Ara sokaktan çıkmadan önce kontrol etmiş adamların telefonla muhtemelen babasıyla görüştüklerini düşünmüştü.

"Onlar kim?" Bugün ondan bile fazla soru soran sarışını görmezden gelmiş ve araba uzaklaşıp gerisinde bir buhar bırakmıştı şimdi. "Hem öyle üşümüyor musun sen?"

"Ahh Taehyun neden bu kadar çok soru soruyorsun?" Yumuşak bir sesle sızlanmış, sarışının somurtmasına neden olmuştu.

Bir anda uzun saçlı aklına gelen şeyle bir küfür mırıldanmış, büyük bir soluk vererek elini alnına koymuştu. Taehyun Beomgyu'nun daha demin ona dediği şey yüzünden yol boyunca konuşmamış sadece çocuğu takip etmişti küçük adımlarla. "Evine gitmiyor muyuz neden durduk?"

Uzun süre ardından konuşması uzun saçlıya bir nefes gibi gelmişti.
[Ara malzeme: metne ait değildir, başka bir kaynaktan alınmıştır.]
lemma cdfL_point_mass: assumes "x \<in> L" shows "cdfL L (point_mass L x) a = (if x \<le> a then 1 else 0)"
proof -
  have "{y\<in>L. y \<le> a} = L \<inter> {..a}" by auto
  then have "{y\<in>L. y \<le> a} \<in> sets (restrict_space borel L)"
    by (simp add: sets_restrict_space)
  then show ?thesis using assms by (simp add: cdfL_def point_mass_def measure_return)
qed

definition min_over :: "('n::finite \<Rightarrow> real) \<Rightarrow> 'n set \<Rightarrow> real" where
  "min_over t S = (if S = {} then 1 else Min (t ` S))"

definition maxmin :: "('n::finite set \<Rightarrow> real) \<Rightarrow> ('n \<Rightarrow> real) \<Rightarrow> real" where
  "maxmin g t = Max ((\<lambda>S. min (g S) (min_over t S)) ` UNIV)"

lemma min_over_le: "i \<in> S \<Longrightarrow> min_over t S \<le> t i"
  unfolding min_over_def by auto

lemma min_over_attained: "S \<noteq> {} \<Longrightarrow> \<exists>j\<in>S. min_over t S = t j"
proof -
  assume "S \<noteq> {}"
  then have "Min (t ` S) \<in> t ` S" by (intro Min_in) auto
  then obtain j where "j \<in> S" "Min (t ` S) = t j" by blast
  then show ?thesis using \<open>S \<noteq> {}\<close> unfolding min_over_def by auto
qed

lemma min_over_upd_notin: "i \<notin> S \<Longrightarrow> min_over (t(i := s)) S = min_over t S"
  unfolding min_over_def by (auto intro!: arg_cong[where f = Min] image_cong)

lemma min_over_const: "min_over (\<lambda>_. v) S = (if S = {} then 1 else v)"
  by (simp add: min_over_def image_constant_conv)

lemma maxmin_ge: "min (g S) (min_over t S) \<le> maxmin g t"
  unfolding maxmin_def by (rule Max_ge) auto

lemma maxmin_leI: "(\<And>S. min (g S) (min_over t S) \<le> c) \<Longrightarrow> maxmin g t \<le> c"
  unfolding maxmin_def by (subst Max_le_iff) auto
Taehyun'un daha fazla konuşmasını ve gülümsemesini istiyordu.

"Eve gidemem." Çaresizce yere bakarak söylemişti bunları. Elleri artık soğuktan morarmışken Taehyun farketmiş ve kabanını onun omzuna koymuştu. "Soobin'i neden aramıyorsun? Hemen gelmeni isteyeceğinden eminim."

Uzun saçlı hala omzuna konan kabanın şokundayken kabana biraz daha sarılmıştı.

"Annesi annemlere haber vermez mi sanıyorsun?"

Ne yapacağını bilmeyerek saçlarını çekiştiriyordu. Pişmanlık bütün bedenini sararken soğuğun burnunu ve parmak uçlarını acıttığını hissediyordu.

"Kalk." Gelen sesle kafasını kaldırmış uzatılan ele alık alık bakmıştı bir süre. "Ha?" Ağzından çıkan şaşkın nida Taehyun'un koluna uzanmasına ve zorlanmadan onu kaldırmasına neden olmuştu.

"Nereye gidiyoruz?" Cevap alamamasıyla durmuş "ya söylesene!" diye cırlamıştı.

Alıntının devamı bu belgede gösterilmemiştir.